The records:
(* The recurrence $x_n=x_{n-1}+x_{n-2}+2x_{n-3}$ is not congenial; that is, there is no finite bound $B$ such that for every positive integer $n$, either $t_{1,1,2}(n)=\infty$ or $t_{1,1,2}(n)\le B$.
   Context: For non-negative integers $a,b,c$, a positive $k$-element solution of the recurrence $x_i=ax_{i-1}+bx_{i-2}+cx_{i-3}$ is an integer sequence $\langle x_i\rangle_{i=1}^k$ satisfying the recurrence for $4\le i\le k$ with $x_1,x_2,x_3>0$; it terminates at $x_k$. For a positive integer $n$, $k_{a,b,c}(n)$ is the largest $k$ such that there is a positive $k$-element solution terminating at $n$, and $t_{a,b,c}(n)$ is the number of positive $k_{a,b,c}(n)$-element solutions terminating at $n$. The recurrence is congenial if there is a finite $B$ such that for all $n$, $t_{a,b,c}(n)=\infty$ or $t_{a,b,c}(n)\le B$. *)

theory Defs
  imports Main "HOL-Library.Extended_Nat"
begin

text \<open>A positive k-element solution x_1,...,x_k is represented as a list xs of
  integers of length k (0-based: xs!0 = x_1).  Since x_1,x_2,x_3 > 0 must be
  meaningful, k \<ge> 3.\<close>

definition pos_solution :: "nat \<Rightarrow> nat \<Rightarrow> nat \<Rightarrow> int list \<Rightarrow> bool" where
  "pos_solution a b c xs \<longleftrightarrow>
     length xs \<ge> 3 \<and> xs ! 0 > 0 \<and> xs ! 1 > 0 \<and> xs ! 2 > 0 \<and>
     (\<forall>i. 3 \<le> i \<and> i < length xs \<longrightarrow>
        xs ! i = int a * xs ! (i - 1) + int b * xs ! (i - 2) + int c * xs ! (i - 3))"

definition sols_ending :: "nat \<Rightarrow> nat \<Rightarrow> nat \<Rightarrow> int \<Rightarrow> nat \<Rightarrow> int list set" where
  "sols_ending a b c n k = {xs. pos_solution a b c xs \<and> length xs = k \<and> last xs = n}"

definition kmax :: "nat \<Rightarrow> nat \<Rightarrow> nat \<Rightarrow> int \<Rightarrow> nat" where
  "kmax a b c n = (GREATEST k. sols_ending a b c n k \<noteq> {})"

definition tcount :: "nat \<Rightarrow> nat \<Rightarrow> nat \<Rightarrow> int \<Rightarrow> enat" where
  "tcount a b c n =
     (if finite (sols_ending a b c n (kmax a b c n))
      then enat (card (sols_ending a b c n (kmax a b c n))) else \<infinity>)"

definition congenial :: "nat \<Rightarrow> nat \<Rightarrow> nat \<Rightarrow> bool" where
  "congenial a b c \<longleftrightarrow>
     (\<exists>B::nat. \<forall>n::int. n > 0 \<longrightarrow> tcount a b c n = \<infinity> \<or> tcount a b c n \<le> enat B)"

end

(* The characteristic polynomial t^3 - t^2 - t - 2 factors as (t - 2)(t^2 + t + 1), so the window
   sums x_i + x_(i+1) + x_(i+2) double at every step and x_(i+3) = x_i + 2^i S, where S is the sum
   of the three initial terms.  Over 3m steps the j-th term therefore grows by 2^j d S, where
   8^m = 7d + 1.  A solution with 3p + 3 terms ends at x_3 + 4dS, so every initial triple
   (a, 8d - 1 - a, 1) gives one ending at n = 32d^2 + 1: there are 8d - 2 of them, and only
   finitely many in total.  A solution with 3p + 4 terms would end at x_1 + (8d + 1)S, which is
   never n; since a longer solution can be truncated to 3p + 4 terms, 3p + 3 is the maximal
   length, and t(n) >= 8d - 2 >= 8p - 2 is finite but unbounded in p. *)
theory Submission
  imports Defs
begin

fun linrec :: "nat \<Rightarrow> nat \<Rightarrow> nat \<Rightarrow> int \<Rightarrow> int \<Rightarrow> int \<Rightarrow> nat \<Rightarrow> int" where
  "linrec a b c x y z 0 = x"
| "linrec a b c x y z (Suc 0) = y"
| "linrec a b c x y z (Suc (Suc 0)) = z"
| "linrec a b c x y z (Suc (Suc (Suc i))) =
     int a * linrec a b c x y z (Suc (Suc i)) + int b * linrec a b c x y z (Suc i)
     + int c * linrec a b c x y z i"

lemma linrec_add3:
  "linrec a b c x y z (i + 3) =
     int a * linrec a b c x y z (i + 2) + int b * linrec a b c x y z (i + 1)
     + int c * linrec a b c x y z i"
  by (simp add: numeral_eq_Suc)

lemma pos_solution_map_linrec:
  assumes "0 < x" "0 < y" "0 < z" "3 \<le> k"
  shows "pos_solution a b c (map (linrec a b c x y z) [0..<k])"
  unfolding pos_solution_def
proof (intro conjI allI impI)
  fix i assume i: "3 \<le> i \<and> i < length (map (linrec a b c x y z) [0..<k])"
  then obtain j where "i = j + 3" by (metis add.commute le_Suc_ex)
  with i show "map (linrec a b c x y z) [0..<k] ! i =
      int a * map (linrec a b c x y z) [0..<k] ! (i - 1)
      + int b * map (linrec a b c x y z) [0..<k] ! (i - 2)
      + int c * map (linrec a b c x y z) [0..<k] ! (i - 3)"
    using linrec_add3[of a b c x y z j] by simp
qed (use assms in \<open>auto simp: numeral_eq_Suc\<close>)

lemma pos_solution_eq_map_linrec:
  assumes "pos_solution a b c xs"
  shows "xs = map (linrec a b c (xs!0) (xs!1) (xs!2)) [0..<length xs]"
proof (rule nth_equalityI)
  fix i assume "i < length xs"
  then show "xs ! i = map (linrec a b c (xs!0) (xs!1) (xs!2)) [0..<length xs] ! i"
  proof (induction i rule: less_induct)
    case (less i)
    show ?case
    proof (cases "i < 3")
      case True
      then have "i = 0 \<or> i = 1 \<or> i = 2" by auto
      with less.prems show ?thesis by (auto simp: numeral_eq_Suc)
    next
      case False
      then obtain j where j: "i = j + 3" by (metis add.commute le_Suc_ex not_less)
      have "xs ! i = int a * xs ! (j + 2) + int b * xs ! (j + 1) + int c * xs ! j"
        using assms False less.prems j unfolding pos_solution_def by auto
      with less.prems j show ?thesis
        using less.IH[of "j + 2"] less.IH[of "j + 1"] less.IH[of j]
          linrec_add3[of a b c "xs!0" "xs!1" "xs!2" j] by simp
    qed
  qed
qed simp

lemma pos_solution_nth_pos:
  assumes "pos_solution a b c xs" "0 < a + b + c" "i < length xs"
  shows "0 < xs ! i"
  using assms(3)
proof (induction i rule: less_induct)
  case (less i)
  show ?case
  proof (cases "i < 3")
    case True
    then have "i = 0 \<or> i = 1 \<or> i = 2" by auto
    with assms(1) show ?thesis unfolding pos_solution_def by auto
  next
    case False
    then obtain j where j: "i = j + 3" by (metis add.commute le_Suc_ex not_less)
    have rec: "xs ! i = int a * xs ! (j + 2) + int b * xs ! (j + 1) + int c * xs ! j"
      using assms(1) False less.prems j unfolding pos_solution_def by auto
    have "0 < xs ! (j + 2)" "0 < xs ! (j + 1)" "0 < xs ! j"
      using less.IH less.prems j by auto
    with assms(2) show ?thesis unfolding rec
      by (smt (verit) mult_nonneg_nonneg mult_pos_pos of_nat_0_le_iff of_nat_0_less_iff
          add_gr_0)
  qed
qed

lemma pos_solution_drop:
  assumes "pos_solution a b c xs" "0 < a + b + c" "t + 3 \<le> length xs"
  shows "pos_solution a b c (drop t xs)"
  unfolding pos_solution_def
proof (intro conjI allI impI)
  fix i assume "3 \<le> i \<and> i < length (drop t xs)"
  with assms(1) show "drop t xs ! i = int a * drop t xs ! (i - 1)
      + int b * drop t xs ! (i - 2) + int c * drop t xs ! (i - 3)"
    unfolding pos_solution_def by (auto simp: add.commute[of t] dest!: spec[of _ "t + i"])
qed (use assms pos_solution_nth_pos in auto)

lemma kmax_eqI:
  assumes "sols_ending a b c n k \<noteq> {}"
    and "\<And>xs. pos_solution a b c xs \<Longrightarrow> last xs = n \<Longrightarrow> length xs \<le> k"
  shows "kmax a b c n = k"
  unfolding kmax_def
proof (rule Greatest_equality)
  fix l assume "sols_ending a b c n l \<noteq> {}"
  with assms(2) show "l \<le> k" unfolding sols_ending_def by auto
qed (use assms(1) in simp)

lemma finite_sols_ending:
  assumes "\<And>xs. xs \<in> sols_ending a b c n k \<Longrightarrow> xs!0 \<le> N \<and> xs!1 \<le> N \<and> xs!2 \<le> N"
  shows "finite (sols_ending a b c n k)"
proof (rule finite_subset)
  show "sols_ending a b c n k \<subseteq>
      (\<lambda>(x, y, z). map (linrec a b c x y z) [0..<k]) ` ({1..N} \<times> {1..N} \<times> {1..N})"
  proof
    fix xs assume xs: "xs \<in> sols_ending a b c n k"
    then have "pos_solution a b c xs" "length xs = k" unfolding sols_ending_def by auto
    with assms[OF xs] show "xs \<in>
        (\<lambda>(x, y, z). map (linrec a b c x y z) [0..<k]) ` ({1..N} \<times> {1..N} \<times> {1..N})"
      using pos_solution_eq_map_linrec
      by (intro image_eqI[of _ _ "(xs!0, xs!1, xs!2)"]) (auto simp: pos_solution_def)
  qed
qed simp

lemma linrec_112_window_sum:
  "linrec 1 1 2 x y z i + linrec 1 1 2 x y z (i + 1) + linrec 1 1 2 x y z (i + 2)
     = 2 ^ i * (x + y + z)"
proof (induction i)
  case 0
  then show ?case by (simp add: numeral_eq_Suc)
next
  case (Suc i)
  then show ?case using linrec_add3[of 1 1 2 x y z i] by simp
qed

lemma linrec_112_add3:
  "linrec 1 1 2 x y z (i + 3) = linrec 1 1 2 x y z i + 2 ^ i * (x + y + z)"
  using linrec_add3[of 1 1 2 x y z i] linrec_112_window_sum[of x y z i] by simp

lemma linrec_112_closed:
  "7 * linrec 1 1 2 x y z (3 * m + j)
     = 7 * linrec 1 1 2 x y z j + 2 ^ j * (8 ^ m - 1) * (x + y + z)"
proof (induction m)
  case (Suc m)
  have "3 * Suc m + j = (3 * m + j) + 3" by simp
  then have "linrec 1 1 2 x y z (3 * Suc m + j)
      = linrec 1 1 2 x y z (3 * m + j) + 2 ^ (3 * m + j) * (x + y + z)"
    using linrec_112_add3 by presburger
  also have "\<dots> = linrec 1 1 2 x y z (3 * m + j) + 2 ^ j * 8 ^ m * (x + y + z)"
    by (simp add: power_add power_mult)
  finally show ?case using Suc.IH by (simp add: algebra_simps)
qed simp

lemma last_pos_solution_112:
  assumes "pos_solution 1 1 2 xs" "length xs = 3 * m + j + 1" "8 ^ m = 7 * d + 1"
  shows "last xs = xs ! j + 2 ^ j * d * (xs!0 + xs!1 + xs!2)"
proof -
  let ?u = "linrec 1 1 2 (xs!0) (xs!1) (xs!2)"
  have nth: "xs ! i = ?u i" if "i < length xs" for i
    using pos_solution_eq_map_linrec[OF assms(1)] that by (metis diff_zero length_map length_upt nth_map_upt add_0)
  have "last xs = ?u (3 * m + j)"
    using assms(2) nth[of "3 * m + j"] last_conv_nth[of xs] by fastforce
  moreover have "xs ! j = ?u j"
    using assms(2) nth[of j] by simp
  ultimately show ?thesis
    using linrec_112_closed[of "xs!0" "xs!1" "xs!2" m j] assms(3) by simp
qed

lemma eight_power_eq: "\<exists>d::int. 8 ^ p = 7 * d + 1 \<and> int p \<le> d"
proof (induction p)
  case (Suc p)
  then obtain d :: int where "8 ^ p = 7 * d + 1" "int p \<le> d" by blast
  then show ?case by (intro exI[of _ "8 * d + 1"]) auto
qed simp

(* With S = u + v + w the left side lies in [(8d + 1)S + 1, (8d + 2)S - 2]; no S fits. *)
lemma sum_ne_32_sq_plus_1:
  fixes d u v w :: int
  assumes "0 \<le> d" "0 < u" "0 < v" "0 < w"
  shows "u + (8 * d + 1) * (u + v + w) \<noteq> 32 * d\<^sup>2 + 1"
proof
  assume eq: "u + (8 * d + 1) * (u + v + w) = 32 * d\<^sup>2 + 1"
  define S where "S = u + v + w"
  show False
  proof (cases "4 * d \<le> S")
    case True
    then have "(8 * d + 1) * (4 * d) \<le> (8 * d + 1) * S"
      using assms(1) by (intro mult_left_mono) auto
    then have "d = 0"
      using eq assms unfolding S_def by (simp add: algebra_simps power2_eq_square)
    with eq assms show False by simp
  next
    case False
    then have "(8 * d + 2) * S \<le> (8 * d + 2) * (4 * d - 1)"
      using assms(1) by (intro mult_left_mono) auto
    with eq assms show False unfolding S_def by (simp add: algebra_simps power2_eq_square)
  qed
qed

lemma pos_solution_112_length_le:
  assumes "pos_solution 1 1 2 xs" "last xs = 32 * d\<^sup>2 + 1" "8 ^ p = 7 * d + 1"
  shows "length xs \<le> 3 * p + 3"
proof (rule ccontr)
  assume long: "\<not> length xs \<le> 3 * p + 3"
  define ys where "ys = drop (length xs - (3 * p + 4)) xs"
  have ys: "pos_solution 1 1 2 ys"
    unfolding ys_def using long by (intro pos_solution_drop[OF assms(1)]) auto
  have "length ys = 3 * (p + 1) + 0 + 1" "last ys = last xs"
    unfolding ys_def using long by (auto simp: last_drop)
  moreover have "8 ^ (p + 1) = 7 * (8 * d + 1) + (1::int)"
    using assms(3) by simp
  ultimately have "32 * d\<^sup>2 + 1 = ys ! 0 + (8 * d + 1) * (ys!0 + ys!1 + ys!2)"
    using last_pos_solution_112[OF ys, of "p + 1" 0 "8 * d + 1"] assms(2) by simp
  moreover have "0 \<le> d"
    using assms(3) one_le_power[of "8::int" p] by linarith
  moreover have "0 < ys ! 0" "0 < ys ! 1" "0 < ys ! 2"
    using ys unfolding pos_solution_def by auto
  ultimately show False
    using sum_ne_32_sq_plus_1 by metis
qed

lemma sols_ending_112_witness:
  assumes "8 ^ p = 7 * d + 1" "1 \<le> x" "x \<le> 8 * d - 2"
  shows "map (linrec 1 1 2 x (8 * d - 1 - x) 1) [0..<3 * p + 3]
           \<in> sols_ending 1 1 2 (32 * d\<^sup>2 + 1) (3 * p + 3)"
proof -
  let ?xs = "map (linrec 1 1 2 x (8 * d - 1 - x) 1) [0..<3 * p + 3]"
  have sol: "pos_solution 1 1 2 ?xs"
    using assms(2,3) by (intro pos_solution_map_linrec) auto
  have "?xs ! 0 = x" "?xs ! 1 = 8 * d - 1 - x" "?xs ! 2 = 1"
    by (simp_all del: upt_Suc)
  then have "last ?xs = 32 * d\<^sup>2 + 1"
    using last_pos_solution_112[OF sol _ assms(1), of 2] by (simp add: power2_eq_square)
  with sol show ?thesis unfolding sols_ending_def by simp
qed

lemma tcount_112_lower_bound:
  assumes "8 ^ p = 7 * d + 1" "0 < d"
  shows "tcount 1 1 2 (32 * d\<^sup>2 + 1) \<noteq> \<infinity>"
    and "enat (nat (8 * d - 2)) \<le> tcount 1 1 2 (32 * d\<^sup>2 + 1)"
proof -
  let ?n = "32 * d\<^sup>2 + 1" and ?k = "3 * p + 3"
  let ?sol = "\<lambda>x. map (linrec 1 1 2 x (8 * d - 1 - x) 1) [0..<?k]"
  have witnesses: "?sol ` {1..8 * d - 2} \<subseteq> sols_ending 1 1 2 ?n ?k"
    using sols_ending_112_witness[OF assms(1)] by auto
  have "inj_on ?sol {1..8 * d - 2}"
    by (rule inj_on_inverseI[where g = "\<lambda>xs. xs ! 0"]) (simp del: upt_Suc)
  then have card_witnesses: "card (?sol ` {1..8 * d - 2}) = nat (8 * d - 2)"
    by (simp add: card_image)
  have kmax: "kmax 1 1 2 ?n = ?k"
  proof (rule kmax_eqI)
    show "sols_ending 1 1 2 ?n ?k \<noteq> {}"
      using witnesses assms(2) by force
  qed (use pos_solution_112_length_le[OF _ _ assms(1)] in blast)
  have fin: "finite (sols_ending 1 1 2 ?n ?k)"
  proof (rule finite_sols_ending)
    fix xs assume "xs \<in> sols_ending 1 1 2 ?n ?k"
    then have sol: "pos_solution 1 1 2 xs" and "length xs = 3 * p + 2 + 1" "last xs = ?n"
      unfolding sols_ending_def by auto
    then have n: "?n = xs ! 2 + 4 * d * (xs!0 + xs!1 + xs!2)"
      using last_pos_solution_112[OF sol _ assms(1), of 2] by simp
    have pos: "0 < xs ! 0" "0 < xs ! 1" "0 < xs ! 2"
      using sol unfolding pos_solution_def by auto
    have "xs!0 + xs!1 + xs!2 \<le> (4 * d) * (xs!0 + xs!1 + xs!2)"
      using assms(2) pos mult_right_mono[of 1 "4 * d" "xs!0 + xs!1 + xs!2"] by simp
    with n pos show "xs!0 \<le> ?n \<and> xs!1 \<le> ?n \<and> xs!2 \<le> ?n" by (intro conjI) linarith+
  qed
  have "nat (8 * d - 2) \<le> card (sols_ending 1 1 2 ?n ?k)"
    using card_mono[OF fin witnesses] card_witnesses by simp
  with fin kmax show "tcount 1 1 2 ?n \<noteq> \<infinity>" "enat (nat (8 * d - 2)) \<le> tcount 1 1 2 ?n"
    unfolding tcount_def by simp_all
qed

theorem lemma6:
  shows "\<not> congenial 1 1 2"
proof
  assume "congenial 1 1 2"
  then obtain B :: nat
    where bound: "\<And>n::int. n > 0 \<Longrightarrow> tcount 1 1 2 n = \<infinity> \<or> tcount 1 1 2 n \<le> enat B"
    unfolding congenial_def by blast
  obtain d :: int where d: "8 ^ (B + 1) = 7 * d + 1" "int (B + 1) \<le> d"
    using eight_power_eq by blast
  let ?n = "32 * d\<^sup>2 + 1"
  have "0 < ?n" by (simp add: add_pos_nonneg)
  have finite: "tcount 1 1 2 ?n \<noteq> \<infinity>" and lower: "enat (nat (8 * d - 2)) \<le> tcount 1 1 2 ?n"
    using tcount_112_lower_bound[of "B + 1" d] d by simp_all
  from bound[OF \<open>0 < ?n\<close>] finite have "tcount 1 1 2 ?n \<le> enat B" by blast
  with lower have "nat (8 * d - 2) \<le> B" using order.trans enat_ord_simps(1) by metis
  with d(2) show False by simp
qed

end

Task directions: Everything in the material above from the line that has "by (intro image_eqI[of" through the line that has "using assms(2) nth[of j] by simp" must be duplicated exactly, with no other lines given.

Problem solution:
      by (intro image_eqI[of _ _ "(xs!0, xs!1, xs!2)"]) (auto simp: pos_solution_def)
  qed
qed simp

lemma linrec_112_window_sum:
  "linrec 1 1 2 x y z i + linrec 1 1 2 x y z (i + 1) + linrec 1 1 2 x y z (i + 2)
     = 2 ^ i * (x + y + z)"
proof (induction i)
  case 0
  then show ?case by (simp add: numeral_eq_Suc)
next
  case (Suc i)
  then show ?case using linrec_add3[of 1 1 2 x y z i] by simp
qed

lemma linrec_112_add3:
  "linrec 1 1 2 x y z (i + 3) = linrec 1 1 2 x y z i + 2 ^ i * (x + y + z)"
  using linrec_add3[of 1 1 2 x y z i] linrec_112_window_sum[of x y z i] by simp

lemma linrec_112_closed:
  "7 * linrec 1 1 2 x y z (3 * m + j)
     = 7 * linrec 1 1 2 x y z j + 2 ^ j * (8 ^ m - 1) * (x + y + z)"
proof (induction m)
  case (Suc m)
  have "3 * Suc m + j = (3 * m + j) + 3" by simp
  then have "linrec 1 1 2 x y z (3 * Suc m + j)
      = linrec 1 1 2 x y z (3 * m + j) + 2 ^ (3 * m + j) * (x + y + z)"
    using linrec_112_add3 by presburger
  also have "\<dots> = linrec 1 1 2 x y z (3 * m + j) + 2 ^ j * 8 ^ m * (x + y + z)"
    by (simp add: power_add power_mult)
  finally show ?case using Suc.IH by (simp add: algebra_simps)
qed simp

lemma last_pos_solution_112:
  assumes "pos_solution 1 1 2 xs" "length xs = 3 * m + j + 1" "8 ^ m = 7 * d + 1"
  shows "last xs = xs ! j + 2 ^ j * d * (xs!0 + xs!1 + xs!2)"
proof -
  let ?u = "linrec 1 1 2 (xs!0) (xs!1) (xs!2)"
  have nth: "xs ! i = ?u i" if "i < length xs" for i
    using pos_solution_eq_map_linrec[OF assms(1)] that by (metis diff_zero length_map length_upt nth_map_upt add_0)
  have "last xs = ?u (3 * m + j)"
    using assms(2) nth[of "3 * m + j"] last_conv_nth[of xs] by fastforce
  moreover have "xs ! j = ?u j"
    using assms(2) nth[of j] by simp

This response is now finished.